[Saved entries]
------------------------------
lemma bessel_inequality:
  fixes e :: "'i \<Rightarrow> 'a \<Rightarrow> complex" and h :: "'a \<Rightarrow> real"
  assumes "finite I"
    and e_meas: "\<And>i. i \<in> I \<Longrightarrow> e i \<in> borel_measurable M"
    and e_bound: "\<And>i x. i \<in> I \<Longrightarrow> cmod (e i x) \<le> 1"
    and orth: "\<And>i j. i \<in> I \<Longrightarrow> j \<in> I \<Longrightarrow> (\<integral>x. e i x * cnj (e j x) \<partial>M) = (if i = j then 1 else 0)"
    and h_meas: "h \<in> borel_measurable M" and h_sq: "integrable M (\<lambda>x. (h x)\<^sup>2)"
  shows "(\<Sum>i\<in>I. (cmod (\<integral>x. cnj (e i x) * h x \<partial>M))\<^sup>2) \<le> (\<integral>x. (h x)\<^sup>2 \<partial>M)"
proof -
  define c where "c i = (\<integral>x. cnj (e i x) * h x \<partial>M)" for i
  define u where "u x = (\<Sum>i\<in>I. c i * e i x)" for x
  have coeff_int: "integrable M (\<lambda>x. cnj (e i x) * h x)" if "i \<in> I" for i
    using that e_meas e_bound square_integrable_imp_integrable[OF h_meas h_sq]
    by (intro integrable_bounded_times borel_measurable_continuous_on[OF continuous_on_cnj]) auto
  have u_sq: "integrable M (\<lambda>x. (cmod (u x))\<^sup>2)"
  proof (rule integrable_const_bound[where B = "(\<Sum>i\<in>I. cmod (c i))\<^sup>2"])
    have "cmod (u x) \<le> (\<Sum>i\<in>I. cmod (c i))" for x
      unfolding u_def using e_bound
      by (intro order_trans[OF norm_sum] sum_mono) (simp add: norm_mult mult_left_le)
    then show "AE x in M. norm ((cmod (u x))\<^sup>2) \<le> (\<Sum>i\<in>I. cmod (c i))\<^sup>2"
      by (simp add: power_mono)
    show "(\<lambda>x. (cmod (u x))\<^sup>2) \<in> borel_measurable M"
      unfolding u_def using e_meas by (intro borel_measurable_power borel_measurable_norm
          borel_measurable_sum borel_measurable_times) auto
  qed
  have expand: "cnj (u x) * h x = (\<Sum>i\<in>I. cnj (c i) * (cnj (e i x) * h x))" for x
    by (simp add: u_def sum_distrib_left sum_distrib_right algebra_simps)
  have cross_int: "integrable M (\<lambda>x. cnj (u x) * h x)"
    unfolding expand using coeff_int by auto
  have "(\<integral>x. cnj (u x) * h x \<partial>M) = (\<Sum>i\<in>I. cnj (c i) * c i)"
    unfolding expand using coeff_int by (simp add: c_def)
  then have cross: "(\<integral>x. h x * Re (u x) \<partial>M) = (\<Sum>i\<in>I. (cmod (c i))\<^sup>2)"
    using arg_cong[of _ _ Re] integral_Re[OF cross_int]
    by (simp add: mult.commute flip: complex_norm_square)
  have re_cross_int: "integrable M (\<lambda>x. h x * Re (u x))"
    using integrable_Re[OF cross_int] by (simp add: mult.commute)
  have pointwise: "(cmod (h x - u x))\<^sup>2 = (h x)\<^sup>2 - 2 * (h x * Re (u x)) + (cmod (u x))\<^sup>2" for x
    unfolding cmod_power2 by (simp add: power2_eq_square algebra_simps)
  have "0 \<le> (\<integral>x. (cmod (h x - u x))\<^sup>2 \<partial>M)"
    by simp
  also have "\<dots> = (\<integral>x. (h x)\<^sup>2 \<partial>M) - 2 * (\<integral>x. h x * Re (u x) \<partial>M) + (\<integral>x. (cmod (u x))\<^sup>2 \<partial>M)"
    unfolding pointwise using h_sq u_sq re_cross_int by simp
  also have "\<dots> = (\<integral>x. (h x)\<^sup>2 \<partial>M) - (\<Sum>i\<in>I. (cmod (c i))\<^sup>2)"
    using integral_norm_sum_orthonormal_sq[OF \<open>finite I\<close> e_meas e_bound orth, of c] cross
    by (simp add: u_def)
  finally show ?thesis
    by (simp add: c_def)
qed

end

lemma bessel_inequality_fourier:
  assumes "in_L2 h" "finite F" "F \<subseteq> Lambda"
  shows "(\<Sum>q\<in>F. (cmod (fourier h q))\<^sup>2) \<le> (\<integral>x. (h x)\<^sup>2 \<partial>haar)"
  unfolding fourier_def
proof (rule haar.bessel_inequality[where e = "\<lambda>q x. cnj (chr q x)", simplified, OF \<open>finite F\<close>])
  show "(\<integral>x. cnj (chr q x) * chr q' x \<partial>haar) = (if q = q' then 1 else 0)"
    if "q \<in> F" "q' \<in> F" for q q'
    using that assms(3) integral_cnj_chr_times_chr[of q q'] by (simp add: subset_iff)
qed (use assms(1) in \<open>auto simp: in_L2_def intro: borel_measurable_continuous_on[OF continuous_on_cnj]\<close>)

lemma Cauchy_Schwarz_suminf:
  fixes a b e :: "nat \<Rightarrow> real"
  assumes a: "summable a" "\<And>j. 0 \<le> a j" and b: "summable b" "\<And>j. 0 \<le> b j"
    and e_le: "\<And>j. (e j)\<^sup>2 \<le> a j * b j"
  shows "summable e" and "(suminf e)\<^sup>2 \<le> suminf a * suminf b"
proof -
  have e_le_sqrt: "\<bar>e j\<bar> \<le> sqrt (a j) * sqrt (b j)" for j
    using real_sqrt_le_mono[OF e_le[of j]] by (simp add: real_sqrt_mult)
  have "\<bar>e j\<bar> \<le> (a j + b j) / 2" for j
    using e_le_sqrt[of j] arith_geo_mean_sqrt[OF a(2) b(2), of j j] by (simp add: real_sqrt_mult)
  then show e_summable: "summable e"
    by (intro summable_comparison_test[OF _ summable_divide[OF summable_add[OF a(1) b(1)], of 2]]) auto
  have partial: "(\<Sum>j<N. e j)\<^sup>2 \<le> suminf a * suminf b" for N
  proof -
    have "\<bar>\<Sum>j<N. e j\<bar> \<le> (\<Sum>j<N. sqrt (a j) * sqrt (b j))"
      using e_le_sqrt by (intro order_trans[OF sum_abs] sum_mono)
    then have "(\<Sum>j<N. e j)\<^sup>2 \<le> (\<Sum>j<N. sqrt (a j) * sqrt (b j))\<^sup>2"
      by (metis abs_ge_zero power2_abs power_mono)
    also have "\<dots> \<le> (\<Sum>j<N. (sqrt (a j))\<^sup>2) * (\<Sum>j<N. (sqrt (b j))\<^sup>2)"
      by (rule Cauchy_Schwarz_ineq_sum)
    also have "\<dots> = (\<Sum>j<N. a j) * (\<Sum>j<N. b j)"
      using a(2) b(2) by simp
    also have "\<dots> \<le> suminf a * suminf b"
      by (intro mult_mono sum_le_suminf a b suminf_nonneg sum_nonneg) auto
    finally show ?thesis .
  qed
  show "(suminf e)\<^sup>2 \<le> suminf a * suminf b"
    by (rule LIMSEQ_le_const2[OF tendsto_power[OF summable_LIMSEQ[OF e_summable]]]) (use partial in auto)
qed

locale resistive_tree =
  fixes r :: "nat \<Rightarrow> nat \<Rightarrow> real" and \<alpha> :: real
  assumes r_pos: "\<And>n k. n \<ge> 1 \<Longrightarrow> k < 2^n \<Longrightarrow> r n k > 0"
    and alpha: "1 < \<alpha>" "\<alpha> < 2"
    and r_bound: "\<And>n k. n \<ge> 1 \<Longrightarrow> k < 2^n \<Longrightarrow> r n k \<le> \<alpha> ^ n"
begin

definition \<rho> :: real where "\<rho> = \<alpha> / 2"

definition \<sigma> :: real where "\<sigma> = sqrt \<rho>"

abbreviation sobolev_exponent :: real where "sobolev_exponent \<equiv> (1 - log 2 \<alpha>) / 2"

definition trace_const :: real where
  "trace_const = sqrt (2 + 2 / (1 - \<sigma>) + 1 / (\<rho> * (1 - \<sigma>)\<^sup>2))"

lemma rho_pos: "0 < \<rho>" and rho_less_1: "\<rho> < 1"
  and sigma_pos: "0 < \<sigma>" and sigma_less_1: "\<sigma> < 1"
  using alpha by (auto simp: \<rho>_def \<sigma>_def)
------------------------------
REQUIRED WORK: The lines above starting at the one that contains "using e_le_sqrt[of j]" and ending at the one that contains "using e_le_sqrt by" must be transcribed exactly, and no other lines may appear.

SOLUTION FOR THIS PROBLEM:
    using e_le_sqrt[of j] arith_geo_mean_sqrt[OF a(2) b(2), of j j] by (simp add: real_sqrt_mult)
  then show e_summable: "summable e"
    by (intro summable_comparison_test[OF _ summable_divide[OF summable_add[OF a(1) b(1)], of 2]]) auto
  have partial: "(\<Sum>j<N. e j)\<^sup>2 \<le> suminf a * suminf b" for N
  proof -
    have "\<bar>\<Sum>j<N. e j\<bar> \<le> (\<Sum>j<N. sqrt (a j) * sqrt (b j))"
      using e_le_sqrt by (intro order_trans[OF sum_abs] sum_mono)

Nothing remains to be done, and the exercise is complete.